Figure 4. Effects of GluN2B-S810R on NMDAR-mediated EPSCs, dendritic spine density, cerebral glucose metabolism, behaviors, and seizure threshold.

(A) Representative CA1 pyramidal cells that were filled with dye following patch clamp recording. (B) Representative evoked NMDAR-mediated EPSCs were recorded in CA1 pyramidal cells in response to Schaffer collateral stimulation in the presence of the AMPA receptor antagonist NBQX and reduced extracellular Mg²⁺ (0.2 mM). (C) Input-output curve for stimulus intensity vs the amplitude of the evoked NMDAR-mediated component of the EPSC (eEPSC) in CA1 pyramidal cells recorded from WT and GluN2B-S810R hippocampal slices. (D) Evoked NMDAR-mediated EPSC amplitude for WT and GluN2B-S810R CA1 pyramidal cells. (E,F) Dendritic spines in CA1 pyramidal cell by Golgi staining showed a significantly reduced total spine density and mature type mushroom spine in S810R (n = 4 independent experiments). (G,H) Effect of the S810R variant on cerebral glucose metabolism evaluated by dynamic PET scans (FDG). (I,J,K,L,M) Effect of the S810R variant on motor coordination (rotarod; I), locomotion (J), recognition memory (novel object recognition, NOR; K), spatial learning (Y maze; L), and anxiety level (EZM, test; M). (N) Effect of the S810R variant on the seizure threshold (PTZ). MJ: myoclonic jerk, GTCS: generalized tonic colonic seizures; unpaired t-test. * P < 0.05.

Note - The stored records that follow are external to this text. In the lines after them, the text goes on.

lemma conductor_tree_semigroup:
  assumes r1: "r \<ge> 1" and hM: "\<forall>k<r. multiplicity_sequence (M k)"
    and hp: "\<forall>k. k + 1 < r \<longrightarrow> p k \<ge> 1"
  shows "conductor r (tree_semigroup r M p) = tree_elem r M (conductor_levels r M p)"
  unfolding conductor_def
proof (rule Least_equality)
  define L where "L = conductor_levels r M p"
  have S: "tree_semigroup r M p = tree_elem r M ` level_vecs r p"
    using tree_semigroup_eq_image[OF r1 hp] .
  show "tree_elem r M L \<in> vecs r \<and> (\<forall>v\<in>vecs r. tree_elem r M L \<le> v \<longrightarrow> v \<in> tree_semigroup r M p)"
    using ge_conductor_in_image[OF assms] S by (auto simp: L_def tree_elem_def vecs_def)
  fix d assume d: "d \<in> vecs r \<and> (\<forall>v\<in>vecs r. d \<le> v \<longrightarrow> v \<in> tree_semigroup r M p)"
  show "tree_elem r M L \<le> d"
  proof (rule le_funI, rule ccontr)
    fix h assume not_le: "\<not> tree_elem r M L h \<le> d h"
    then have "h < r" by (cases "h < r") (simp_all add: tree_elem_def)
    text \<open>Lower \<open>d\<close> on branch \<open>h\<close> to just below the conductor and raise it far up elsewhere.\<close>
    define v where "v g = (if g = h then ms_sum (M h) (L h) - 1
      else if g < r then d g + ms_sum (M g) (L g) else 0)" for g
    have "v \<in> vecs r" using \<open>h < r\<close> by (simp add: v_def vecs_def)
    moreover have "d \<le> v" using not_le d \<open>h < r\<close> by (auto simp: le_fun_def v_def vecs_def tree_elem_def)
    ultimately obtain e where e: "e \<in> level_vecs r p" "v = tree_elem r M e"
      using d S by blast
    have "ms_sum (M h) (e h) + 1 = ms_sum (M h) (L h)"
      using fun_cong[OF e(2), of h] not_le \<open>h < r\<close> by (simp add: v_def tree_elem_def)
    moreover have "L g \<le> e g" if "g < r" "g \<noteq> h" for g
    proof -
      have "ms_sum (M g) (L g) \<le> ms_sum (M g) (e g)"
        using fun_cong[OF e(2), of g] that by (simp add: v_def tree_elem_def)
      then show ?thesis using hM that strict_mono_ms_sum strict_mono_less_eq by blast
    qed
    ultimately show False using conductor_levels_sharp[OF hM \<open>h < r\<close> e(1)] by (simp add: L_def)
  qed
qed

Figure 5. Effects of radiprodil and memantine on agonist-evoked GluN2B NMDAR currents, evoked NMDAR-mediated EPSCs, and seizure threshold.

(A,C) Composite concentration-response curves for radiprodil (A) and memantine (C) at a holding potential of −40 mV by the two-electrode voltage clamp current recordings from Xenopus oocytes expressing GluN1/GluN2B and GluN1/GluN2B-S810R. (B,D) Effects of radiprodil (B, 3 μM) and memantine (D, 30 μM) on evoked NMDAR-mediated EPSCs for WT and GluN2B-S810R were recorded from CA1 pyramidal cells in response to Schaffer collateral stimulation in the presence of the AMPA receptor antagonist NBQX (10 μM for GluN2B-S810R) and reduced extracellular Mg²⁺ (0.2 mM). (E,F) Effect of radiprodil (3.0 mg/kg, i.p.) and memantine (20 mg/kg, i.p.) on the latency to myoclonic jerk or generalized tonic-clonic seizures (GTCS) induced by PTZ (40 mg/kg, i.p.).